Atmosphere Ocean Science Friday Seminar

Radiation Impacts on Hurricane-Like Vortices in the Conditionally Unstable Atmosphere

Speaker: Mu-Hua Chien, CAOS

Location: Warren Weaver Hall 1314

Date: Friday, October 6, 2023, 4 p.m.

Synopsis:

This research explores the impact of radiative cooling on hurricane-like vortices within the rotating moist Rayleigh–Bénard convection (RMRBC). Within RMRBC scenarios, a rotating Boussinesq atmosphere employs simplified thermodynamics for phase transition, destabilized by a warm, moist lower boundary contrasted by a colder, dryer upper rigid boundary. This setup simulates the atmosphere under a conditionally unstable environment, where unsaturated air parcels remain stable and saturated ones become convectively unstable.

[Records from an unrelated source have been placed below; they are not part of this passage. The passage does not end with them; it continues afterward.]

(* Fix $b\in\mathbb{Z}^{V_+}_{\ge0}$. For every $\bar x\in\mathcal{X}$, $$\mathrm{FLOW}(\bar x)=\Big\{y\in[\mathbf 0,b]^N:\ y^\xi(S)\ge\frac{d^\xi(S)}{C}+\bar x(E(S))-|S|\ \ \forall\emptyset\ne S\subseteq V_+,\ \forall\xi\in[N]\Big\}.$$
   Context: $G=(V,E)$ complete undirected graph with $V=\{0\}\cup V_+$ ($0$ depot, $V_+$ customers); $D=(V,A)$ replaces each edge by two opposite arcs; $\delta^-(v)$, $\delta^+(v)$ are the arcs entering/leaving $v$. Capacity $C>0$; scenarios $\xi\in[N]$ with demands $d^\xi\in\mathbb{Q}^{V_+}_{\ge0}$, $d^\xi(v)\le C$, probabilities $p_\xi\ge0$ summing to $1$; $\bar d=\sum_\xi p_\xi d^\xi$. $f(S)=\sum_{i\in S}f(i)$; $\delta(S)$: edges with exactly one end in $S$; $E(S)$: edges with both ends in $S$. $\mathcal{X}$ is one of $\mathcal{X}_{\mathrm{sub}}=\{x\in[0,2]^E: x(\delta(v))=2\ \forall v\in V_+,\ x(E(S))\le|S|-1\ \forall\emptyset\ne S\subseteq V_+\}$ or $\mathcal{X}_{\mathrm{cvrp}}=\mathcal{X}_{\mathrm{sub}}\cap\{x:x(\delta(0))=2k,\ x(E(S))\le|S|-\lceil\bar d(S)/C\rceil\}$. $[\mathbf 0,b]^N=\{y\in\mathbb{R}^{[N]\times V_+}:0\le y^\xi_v\le b_v\}$. For $\bar x\in\mathcal{X}$, $\mathrm{FLOW}(\bar x)$ is the set of $y\in[\mathbf 0,b]^N$ for which there exist $f\in\mathbb{R}^{[N]\times A}_{\ge0}$, $g\in\mathbb{R}^{[N]\times V_+}_{\ge0}$ with $f^\xi(\delta^-(v))+d^\xi(v)=f^\xi(\delta^+(v))+g^\xi_v$ for all $v\in V_+,\xi$; $f^\xi_{(u,v)}\le\frac{C}{2}\bar x_{\{u,v\}}$ for all $(u,v)\in A,\xi$; $g^\xi_v\le Cy^\xi_v$ for all $v,\xi$. *)

theory Defs
  imports Complex_Main
begin
lemma nn_integral_t_upto_power:
  assumes N: "1 \<le> N"
  shows "dsf_valid N c \<Longrightarrow>
    (\<integral>\<^sup>+\<omega>. t_upto N c n \<omega> ^ j \<partial>dsf_space N) = ennreal (t_moment_trunc N n j (dsf_empty_count N c))"
proof (induction n arbitrary: c j)
  case 0
  then show ?case by (simp add: dsf_occupation_def)
next
  case (Suc n)
  note c = Suc.prems
  let ?m = "dsf_empty_count N c"
  have IH: "(\<integral>\<^sup>+\<omega>. t_upto N (dsf_step N c mk) n \<omega> ^ j \<partial>dsf_space N)
      = ennreal (t_moment_trunc N n j (dsf_empty_count N (dsf_step N c mk)))" for mk j
    using Suc.IH dsf_valid_step[OF c] by blast
  have vv: "0 \<le> t_moment_trunc N n j m" if "m \<le> N" for j m
    using t_moment_trunc_nonneg[OF N that] .
  consider "?m = 0" | "?m = 1" | "2 \<le> ?m" by linarith
  then show ?case
  proof cases
    case 1
    then show ?thesis by (simp add: dsf_occupation_start_halted[OF c] t_moment_step_def)
  next
    case 2
    have "(\<integral>\<^sup>+\<omega>. t_upto N c (Suc n) (case_nat (a, mk) \<omega>) ^ j \<partial>dsf_space N)
        = ennreal (\<Sum>i\<le>j. real (j choose i) * max 0 a ^ i
            * t_moment_trunc N n (j - i) (dsf_empty_count N (dsf_step N c mk)))" for a mk
      using vv dsf_empty_count_le[OF dsf_valid_step[OF c]]
      by (simp only: nn_integral_t_upto_power_shift_one[OF 2] IH, subst sum_ennreal[symmetric])
         (simp_all add: ennreal_power_eq_max ennreal_mult ennreal_of_nat_eq_real_of_nat)
    then show ?thesis
      using 2 vv
      by (subst nn_integral_first_step_poly[OF N c, where d = j and k = "\<lambda>i. real (j choose i)"
            and h = "\<lambda>i. t_moment_trunc N n (j - i)"])
         (simp_all add: t_moment_step_def)
  next
    case 3
    have "(\<integral>\<^sup>+\<omega>. t_upto N c (Suc n) (case_nat (a, mk) \<omega>) ^ j \<partial>dsf_space N)
        = ennreal (\<Sum>i\<le>0. 1 * max 0 a ^ i * t_moment_trunc N n j (dsf_empty_count N (dsf_step N c mk)))"
      for a mk
    proof -
      have "t_upto N c (Suc n) (case_nat (a, mk) \<omega>) = t_upto N (dsf_step N c mk) n \<omega>" for \<omega>
        using 3 by (simp add: dsf_occupation_Suc_case_nat)
      then show ?thesis by (simp only: IH) simp
    qed
    then show ?thesis
      using 3 vv
      by (subst nn_integral_first_step_poly[OF N c, where d = 0 and k = "\<lambda>_. 1"
            and h = "\<lambda>_. t_moment_trunc N n j"])
         (simp_all add: t_moment_step_def hold_moment_def)
  qed
qed
definition f :: "nat \<Rightarrow> nat \<Rightarrow> wt" where
  "f k n =
    (let a = - (2 * of_nat n + 1) / 2 in
     if n \<le> k - 1 \<and> n < k then (a, - (of_nat n + of_nat k + 1), - (2 * of_nat k + 1))
     else if n = k then (a, - (2 * of_nat k + 1), - (2 * of_nat k + 1))
     else if n \<le> 3 * k then (a, - (2 * of_nat k + 1), - (of_nat n + of_nat k + 1))
     else if n = 3 * k + 1 then (a, - (2 * of_nat k + 1), - (4 * of_nat k + 2))
     else (a, - (of_nat n - of_nat k), - (of_nat n + of_nat k + 1)))"

definition WT :: "nat \<Rightarrow> wt set" where
  "WT k = {\<sigma> (f k n) | \<sigma> n. \<sigma> \<in> WeylG}"

end

theory Submission
  imports Defs
begin

text \<open>The form is \<open>W\<close>-invariant and takes the value \<open>3/2 (2k+1)\<^sup>2\<close> on every
  \<open>f\<^sub>k\<^sub>,\<^sub>n\<close>, so the orbits \<open>WT\<^sub>k\<close> are pairwise disjoint. Atypicality is
  \<open>W\<close>-invariant, and every weight is \<open>W\<close>-conjugate to one in the antidominant chamber: keep
  reflecting in a simple root that pairs positively with it, which lowers the number of
  positive \<open>G\<^sub>2\<close>-roots pairing positively. In that chamber an atypical weight of
  \<open>X + \<rho>\<close> satisfies one of only three of the six atypicality equations, and each of them
  is solved by \<open>f\<^sub>k\<^sub>,\<^sub>n\<close> for exactly one of the ranges of \<open>n\<close> in its definition.\<close>

lemma s0_apply [simp]: "s0 (a, b, c) = (-a, b, c)" by (simp add: s0_def)
lemma s1_apply [simp]: "s1 (a, b, c) = (a, c, b)" by (simp add: s1_def)
lemma s2_apply [simp]: "s2 (a, b, c) = (a, c - b, c)" by (simp add: s2_def)

lemma Xrho_iff: "(a, b, c) \<in> Xrho \<longleftrightarrow> a + 1/2 \<in> \<int> \<and> b \<in> \<int> \<and> c \<in> \<int>"
proof
  assume "(a, b, c) \<in> Xrho"
  then obtain i j k :: int where "(a, b, c) = (of_int i - 5/2, of_int j + 2, of_int k + 3)"
    by (auto simp: Xrho_def wadd_def rho_def)
  then have "a + 1/2 = of_int (i - 2)" "b = of_int (j + 2)" "c = of_int (k + 3)" by simp_all
  then show "a + 1/2 \<in> \<int> \<and> b \<in> \<int> \<and> c \<in> \<int>" by (metis Ints_of_int)
next
  assume "a + 1/2 \<in> \<int> \<and> b \<in> \<int> \<and> c \<in> \<int>"
  then obtain i j k :: int where "a + 1/2 = of_int i" "b = of_int j" "c = of_int k"
    by (auto elim!: Ints_cases)
  then have "(a, b, c) = wadd (of_int (i + 2), of_int (j - 2), of_int (k - 3)) rho"
    by (simp add: wadd_def rho_def)
  then show "(a, b, c) \<in> Xrho" unfolding Xrho_def by blast
qed

lemma odd_isotropic_eq:
  "odd_isotropic = {(1, 1, 0), (1, 0, 1), (1, -1, -1), (1, -1, 0), (1, 0, -1), (1, 1, 1)}"
proof -
  have "odd_isotropic = wadd delta ` {eps1, eps2, eps3} \<union> (\<lambda>e. wadd delta (wneg e)) ` {eps1, eps2, eps3}"
    unfolding odd_isotropic_def by blast
  then show ?thesis by (simp add: wadd_def wneg_def delta_def eps1_def eps2_def eps3_def insert_commute)
qed

lemma atypical_iff:
  "atypical (a, b, c) \<longleftrightarrow> (a, b, c) \<in> Xrho \<and>
     (2*a = 2*b - c \<or> 2*a = 2*c - b \<or> 2*a = -b - c \<or>
      2*a = c - 2*b \<or> 2*a = b - 2*c \<or> 2*a = b + c)"
  unfolding atypical_def odd_isotropic_eq by (auto simp: form_def algebra_simps)

lemma Xrho_s0: "(-a, b, c) \<in> Xrho \<longleftrightarrow> (a, b, c) \<in> Xrho"
proof -
  have "a + 1/2 \<in> \<int> \<Longrightarrow> -a + 1/2 \<in> \<int>" for a :: rat
    using Ints_diff[OF Ints_1, of "a + 1/2"] by simp
  then have "-a + 1/2 \<in> \<int> \<longleftrightarrow> a + 1/2 \<in> \<int>" by (metis minus_minus)
  then show ?thesis unfolding Xrho_iff by blast
qed

lemma Xrho_s1: "(a, c, b) \<in> Xrho \<longleftrightarrow> (a, b, c) \<in> Xrho"
  by (auto simp: Xrho_iff)

lemma Xrho_s2: "(a, c - b, c) \<in> Xrho \<longleftrightarrow> (a, b, c) \<in> Xrho"
  using Ints_diff[of c "c - b"] Ints_diff[of c b] by (auto simp: Xrho_iff)

lemma WeylG_invariant:
  assumes "\<And>x. P (s0 x) = P x" "\<And>x. P (s1 x) = P x" "\<And>x. P (s2 x) = P x" "\<sigma> \<in> WeylG"
  shows "P (\<sigma> x) = P x"
  using assms(4) by induct (simp_all add: assms(1-3))

lemma atypical_s0: "atypical (s0 x) \<longleftrightarrow> atypical x"
proof -
  obtain a b c where x: "x = (a, b, c)" by (cases x)
  show ?thesis unfolding x s0_apply atypical_iff Xrho_s0 by (intro conj_cong refl) auto
qed

lemma atypical_s1: "atypical (s1 x) \<longleftrightarrow> atypical x"
proof -
  obtain a b c where x: "x = (a, b, c)" by (cases x)
  show ?thesis unfolding x s1_apply atypical_iff Xrho_s1 by (intro conj_cong refl) auto
qed

lemma atypical_s2: "atypical (s2 x) \<longleftrightarrow> atypical x"
proof -
  obtain a b c where x: "x = (a, b, c)" by (cases x)
  show ?thesis unfolding x s2_apply atypical_iff Xrho_s2 by (intro conj_cong refl) auto
qed

lemma atypical_WeylG: "\<sigma> \<in> WeylG \<Longrightarrow> atypical (\<sigma> x) \<longleftrightarrow> atypical x"
  by (rule WeylG_invariant) (simp_all only: atypical_s0 atypical_s1 atypical_s2)

lemma form_WeylG: "\<sigma> \<in> WeylG \<Longrightarrow> form (\<sigma> x) (\<sigma> y) = form x y"
  by (induct rule: WeylG.induct) (auto simp: form_def s0_def s1_def s2_def algebra_simps split: prod.splits)

lemma f_le: "n \<le> k \<Longrightarrow>
    f k n = (- (2 * of_nat n + 1) / 2, - (of_nat n + of_nat k + 1), - (2 * of_nat k + 1))"
  by (cases "n = k") (auto simp: f_def Let_def)

lemma f_mid: "k \<le> n \<Longrightarrow> n \<le> 3 * k + 1 \<Longrightarrow>
    f k n = (- (2 * of_nat n + 1) / 2, - (2 * of_nat k + 1), - (of_nat n + of_nat k + 1))"
  by (auto simp: f_def Let_def)

lemma f_ge: "3 * k + 1 \<le> n \<Longrightarrow>
    f k n = (- (2 * of_nat n + 1) / 2, - (of_nat n - of_nat k), - (of_nat n + of_nat k + 1))"
  by (auto simp: f_def Let_def)

lemma f_ranges:
  fixes k n :: nat
  obtains "n \<le> k" | "k \<le> n" "n \<le> 3 * k + 1" | "3 * k + 1 \<le> n"
  by linarith

lemma atypical_f: "atypical (f k n)"
proof -
  have "- (2 * of_nat n + 1) / 2 + 1/2 = (of_int (- int n) :: rat)" by (simp add: field_simps)
  then have "- (2 * of_nat n + 1) / 2 + 1/2 \<in> (\<int> :: rat set)" by (metis Ints_of_int)
  then show ?thesis
    by (cases rule: f_ranges[where k=k and n=n])
       (simp_all add: f_le f_mid f_ge atypical_iff Xrho_iff)
qed

lemma form_f_self: "form (f k n) (f k n) = 3/2 * (2 * of_nat k + 1)^2"
  by (cases rule: f_ranges[where k=k and n=n])
     (simp_all add: f_le f_mid f_ge form_def, simp_all add: field_simps power2_eq_square)

text \<open>In terms of the form: \<open>(\<lambda>,\<delta>) \<ge> 0\<close>, \<open>(\<lambda>,\<epsilon>\<^sub>1) \<le> 0\<close> and
  \<open>(\<lambda>,\<epsilon>\<^sub>2 - \<epsilon>\<^sub>1) \<le> 0\<close>.\<close>
definition antidominant :: "wt \<Rightarrow> bool" where
  "antidominant l \<longleftrightarrow> (case l of (a, b, c) \<Rightarrow> a \<le> 0 \<and> 2 * b \<le> c \<and> c \<le> b)"

text \<open>The listed numbers are the pairings \<open>(\<lambda>,\<alpha>)\<close> with the six positive
  roots \<open>\<alpha>\<close> of \<open>G\<^sub>2\<close>, up to positive factors.\<close>
definition positive_pairings :: "rat \<Rightarrow> rat \<Rightarrow> nat" where
  "positive_pairings b c = length (filter (\<lambda>r. r > 0) [2*b - c, 2*c - b, b + c, c - b, b, c])"

lemma exists_G2_conjugate_chamber:
  "\<exists>\<sigma>\<in>WeylG. \<exists>b' c'. (a, b, c) = \<sigma> (a, b', c') \<and> 2 * b' \<le> c' \<and> c' \<le> b'"
proof (induction "positive_pairings b c" arbitrary: b c rule: less_induct)
  case less
  consider "b < c" | "c \<le> b" "c < 2 * b" | "c \<le> b" "2 * b \<le> c" by linarith
  then show ?case
  proof cases
    case 1
    then have "positive_pairings c b < positive_pairings b c"
      by (simp add: positive_pairings_def)
    with less obtain \<sigma> b' c' where "\<sigma> \<in> WeylG" "(a, c, b) = \<sigma> (a, b', c')" "2 * b' \<le> c'" "c' \<le> b'"
      by blast
    moreover have "(a, b, c) = s1 (a, c, b)" by simp
    ultimately show ?thesis using WeylG_s1 by (metis comp_apply)
  next
    case 2
    then have "positive_pairings (c - b) c < positive_pairings b c"
      by (simp add: positive_pairings_def)
    with less obtain \<sigma> b' c' where "\<sigma> \<in> WeylG" "(a, c - b, c) = \<sigma> (a, b', c')" "2 * b' \<le> c'" "c' \<le> b'"
      by blast
    moreover have "(a, b, c) = s2 (a, c - b, c)" by simp
    ultimately show ?thesis using WeylG_s2 by (metis comp_apply)
  next
    case 3
    then show ?thesis by (metis WeylG_id id_apply)
  qed
qed
lemma shortest_path_through_3_vertices:
  assumes diameter_2: "\<And>u v. u \<in> V \<Longrightarrow> v \<in> V \<Longrightarrow> gdist V E u v \<le> 2"
    and sp: "shortest_path V E p" and on_p: "u \<in> set p" "v \<in> set p" "w \<in> set p"
    and distinct: "u \<noteq> v" "v \<noteq> w" "u \<noteq> w"
  obtains x y z where "p = [x, y, z]" "{x, y, z} = {u, v, w}" "x \<noteq> z" "E x y" "E y z" "\<not> E x z"
proof -
  have walk: "walk V E p"
    using sp by (simp add: shortest_path_def)
  have "p \<noteq> []" "set p \<subseteq> V"
    using walk by (auto simp: walk_def)
  then have "gdist V E (hd p) (last p) \<le> 2"
    by (intro diameter_2) auto
  then have "length p \<le> 3"
    using sp by (simp add: shortest_path_def)
  moreover have "3 \<le> length p"
    using card_mono[of "set p" "{u, v, w}"] card_length[of p] on_p distinct by auto
  ultimately have "length p = 3"
    by simp
  then obtain x y z where p: "p = [x, y, z]"
    by (auto simp: numeral_3_eq_3 length_Suc_conv)
  have "set p = {u, v, w}"
    using on_p distinct p by auto
  then have "distinct p"
    using distinct \<open>length p = 3\<close> by (intro card_distinct) auto
  moreover have "E x y" "E y z"
    using walk p by (auto simp: walk_Cons_Cons)
  moreover have "\<not> E x z"
  proof
    assume "E x z"
    then have "walk V E [x, z]"
      using walk p by (simp add: walk_Cons_Cons walk_singleton)
    then show False
      using gdist_le_length[of V E "[x, z]" x z] sp p by (simp add: shortest_path_def)
  qed
  ultimately show thesis
    using that p \<open>set p = {u, v, w}\<close> by simp
qed

lemma induced_P3_free_imp_gp_set:
  assumes "symp E" and diameter_2: "\<And>u v. u \<in> V \<Longrightarrow> v \<in> V \<Longrightarrow> gdist V E u v \<le> 2"
    and "S \<subseteq> V" "induced_P3_free E S"
  shows "gp_set V E S"
  unfolding gp_set_def
proof (intro conjI assms(3) notI, elim exE conjE)
  fix p u v w
  assume "shortest_path V E p" "u \<in> S" "v \<in> S" "w \<in> S" "u \<noteq> v" "v \<noteq> w" "u \<noteq> w"
    "u \<in> set p" "v \<in> set p" "w \<in> set p"
  then obtain x y z where xyz: "{x, y, z} = {u, v, w}" "x \<noteq> z" "E y x" "E y z" "\<not> E x z"
    using shortest_path_through_3_vertices[OF diameter_2] sympD[OF assms(1)] by metis
  moreover have "{x, y, z} \<subseteq> S"
    unfolding xyz(1) using \<open>u \<in> S\<close> \<open>v \<in> S\<close> \<open>w \<in> S\<close> by simp
  ultimately show False
    using assms(4) unfolding induced_P3_free_def by blast
qed

section \<open>Legal moves and mobility\<close>

lemma legal_move_gp_set: "legal_move V E S T \<Longrightarrow> gp_set V E T"
  unfolding legal_move_def by blast

lemma legal_move_card:
  assumes "legal_move V E X Y" "finite X"
  shows "card Y = card X"
proof -
  obtain u v where "u \<in> X" "v \<notin> X" "Y = insert v (X - {u})"
    using assms(1) unfolding legal_move_def by blast
  then show ?thesis
    using assms(2) card_Suc_Diff1 by fastforce
qed
(* Let $(k,N)\in\{(2,27),(2,32),(2,36),(2,49),(4,9)\}$. For each integer $n\ge2$, let $\phi_n\in M_{2-k}^\infty(\Gamma_0(N))\cap\mathbb{Z}((q))$ be any form of the shape $\phi_n=q^{-n}+A_n(-1)q^{-1}+\sum_{m\ge1}A_n(m)q^m$ if $k=2$, or $\phi_n=q^{-n}+\sum_{m\ge-1}A_n(m)q^m$ if $k=4$. For each admissible $m$ (namely $m\in\{-1\}\cup\{1,2,3,\dots\}$ if $k=2$, and $m\ge-1$ if $k=4$), let $F_m$ be the unique element of $S_k^\infty(\Gamma_0(N))\cap\mathbb{Z}((q))$ of the form $F_m=-q^{-m}+\sum_{n\ge2}C_m(n)q^n$. Then for all integers $n\ge2$ and all admissible $m$, \[C_m(n)=A_n(m).\]
   Context: $q=e^{2\pi i z}$. $M_{w}^\infty(\Gamma_0(N))$ is the space of weakly holomorphic modular forms of weight $w$ on $\Gamma_0(N)$ (trivial character), holomorphic on the upper half-plane and at every cusp except possibly $\infty$; $S_w^\infty(\Gamma_0(N))$ is the subspace of those vanishing at every cusp except possibly $\infty$. $\mathbb{Z}((q))$ denotes Laurent series in $q$ with integer coefficients. (Such $\phi_n$ and $F_m$ exist for each of the listed $(k,N)$.) *)

theory Defs
  imports "HOL-Analysis.Analysis"
begin

text \<open>Integer 2x2 matrices are represented as tuples (a,b,c,d) for the matrix
  with rows (a b) and (c d).\<close>

definition uhp :: "complex set" where
  "uhp = {z. Im z > 0}"

definition SL2Z :: "(int \<times> int \<times> int \<times> int) set" where
  "SL2Z = {(a,b,c,d). a*d - b*c = 1}"

definition Gamma0 :: "int \<Rightarrow> (int \<times> int \<times> int \<times> int) set" where
  "Gamma0 N = {(a,b,c,d). a*d - b*c = 1 \<and> N dvd c}"

definition moebius :: "int \<times> int \<times> int \<times> int \<Rightarrow> complex \<Rightarrow> complex" where
  "moebius = (\<lambda>(a,b,c,d) z. (of_int a * z + of_int b) / (of_int c * z + of_int d))"

definition slash :: "int \<Rightarrow> (complex \<Rightarrow> complex) \<Rightarrow> int \<times> int \<times> int \<times> int \<Rightarrow> complex \<Rightarrow> complex" where
  "slash w f = (\<lambda>(a,b,c,d) z. (of_int c * z + of_int d) powi (- w) * f (moebius (a,b,c,d) z))"

text \<open>The cusp gamma(\<infinity>) is Gamma0(N)-equivalent to \<infinity>: some delta in Gamma0(N) has
  delta*gamma upper triangular (lower-left entry 0).\<close>
definition cusp_equiv_infty :: "int \<Rightarrow> int \<times> int \<times> int \<times> int \<Rightarrow> bool" where
  "cusp_equiv_infty N = (\<lambda>(a,b,c,d). \<exists>a' b' c' d'. (a',b',c',d') \<in> Gamma0 N \<and> c'*a + d'*c = 0)"

text \<open>M_w^\<infinity>(Gamma0(N)): holomorphic on H, invariant under the weight-w slash action
  of Gamma0(N), meromorphic at \<infinity> (at most exponential growth in Im z, which for a
  1-periodic holomorphic function means a pole of finite order in q), and holomorphic
  (bounded) at every cusp not equivalent to \<infinity>.\<close>
definition wh_modular_form :: "int \<Rightarrow> int \<Rightarrow> (complex \<Rightarrow> complex) \<Rightarrow> bool" where
  "wh_modular_form w N f \<longleftrightarrow>
     f holomorphic_on uhp \<and>
     (\<forall>\<gamma>\<in>Gamma0 N. \<forall>z\<in>uhp. slash w f \<gamma> z = f z) \<and>
     (\<exists>C B. \<forall>z. Im z \<ge> 1 \<longrightarrow> norm (f z) \<le> B * exp (C * Im z)) \<and>
     (\<forall>\<gamma>\<in>SL2Z. \<not> cusp_equiv_infty N \<gamma> \<longrightarrow>
        (\<exists>B. \<forall>z. Im z \<ge> 1 \<longrightarrow> norm (slash w f \<gamma> z) \<le> B))"

definition wh_cusp_form :: "int \<Rightarrow> int \<Rightarrow> (complex \<Rightarrow> complex) \<Rightarrow> bool" where
  "wh_cusp_form w N f \<longleftrightarrow>
     wh_modular_form w N f \<and>
     (\<forall>\<gamma>\<in>SL2Z. \<not> cusp_equiv_infty N \<gamma> \<longrightarrow>
        (\<forall>\<epsilon>>0. \<exists>Y. \<forall>z. Im z \<ge> Y \<longrightarrow> norm (slash w f \<gamma> z) \<le> \<epsilon>))"

definition has_int_qexp :: "(complex \<Rightarrow> complex) \<Rightarrow> (int \<Rightarrow> int) \<Rightarrow> bool" where
  "has_int_qexp f a \<longleftrightarrow>
     (\<exists>M. \<forall>n<M. a n = 0) \<and>
     (\<forall>z\<in>uhp. ((\<lambda>n::int. of_int (a n) * exp (2 * of_real pi * \<i> * of_int n * z)) has_sum f z) UNIV)"

end

theory Submission
  imports Defs "HOL-Complex_Analysis.Complex_Analysis" "HOL-Real_Asymp.Real_Asymp"
begin

text \<open>The constant term of the weakly holomorphic weight-2 form \<open>\<phi>\<^sub>n F\<^sub>m\<close> is
  \<open>C\<^sub>m(n) - A\<^sub>n(m)\<close>, and the constant term of any weight-2 form on \<open>\<Gamma>\<^sub>0(N)\<close> that is
  holomorphic away from \<open>\<infinity>\<close> and vanishes at all other cusps is zero (the residue
  theorem on the modular curve). We argue analytically: the trace \<open>G\<close> of such a form to
  \<open>SL\<^sub>2(\<int>)\<close> has a primitive \<open>H\<close> which is invariant under \<open>z \<mapsto> -1/z\<close> and \<open>z \<mapsto> z + 1\<close>
  up to constants, and both constants vanish (evaluate at the elliptic points \<open>i\<close> and
  \<open>\<rho>\<close>). Near \<open>\<infinity>\<close>, \<open>G\<close> is the principal part of the form plus \<open>o(1)\<close>, so \<open>H\<close> minus a
  primitive of the principal part changes by exactly minus the constant term under
  \<open>z \<mapsto> z + 1\<close> while having arbitrarily small derivative high up; hence the constant
  term is zero.\<close>

section \<open>The slash action of \<open>SL\<^sub>2(\<int>)\<close>\<close>

definition mat_mul :: "int \<times> int \<times> int \<times> int \<Rightarrow> int \<times> int \<times> int \<times> int \<Rightarrow> int \<times> int \<times> int \<times> int" where
  "mat_mul = (\<lambda>(a,b,c,d) (a',b',c',d'). (a*a'+b*c', a*b'+b*d', c*a'+d*c', c*b'+d*d'))"

definition mat_adj :: "int \<times> int \<times> int \<times> int \<Rightarrow> int \<times> int \<times> int \<times> int" where
  "mat_adj = (\<lambda>(a,b,c,d). (d,-b,-c,a))"

definition mat_id :: "int \<times> int \<times> int \<times> int" where
  "mat_id = (1,0,0,1)"

definition j_factor :: "int \<times> int \<times> int \<times> int \<Rightarrow> complex \<Rightarrow> complex" where
  "j_factor = (\<lambda>(a,b,c,d) z. of_int c * z + of_int d)"

lemma mat_mul_assoc: "mat_mul (mat_mul x y) z = mat_mul x (mat_mul y z)"
  by (cases x; cases y; cases z) (simp add: mat_mul_def algebra_simps)

lemma mat_mul_id [simp]: "mat_mul x mat_id = x" "mat_mul mat_id x = x"
  by (cases x; simp add: mat_mul_def mat_id_def)+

In the equilibrium status, hurricane-like vortices serve as heat engines, effectively transporting heat by inhibiting the mixing of dry air parcels.

Radiative cooling destabilizes the lower atmospheric layer, consequently enhancing upward mass and heat transport. This destabilization potentially triggers local instability and a transitional equilibrium regime where structured hurricane-like vortices replaced by disorganized convective plumes. Additionally, radiative cooling increases the work performed by the moist convection, associated with the vertical transport of total water content. Despite an increase in kinetic energy generation in the presence of radiative cooling, thermal efficiency—defined as the ratio of kinetic energy generation rate to available potential energy—experiences a reduction. This reduction is attributed to mixing throughout entire domain, associated with the destabilization at the lower boundary.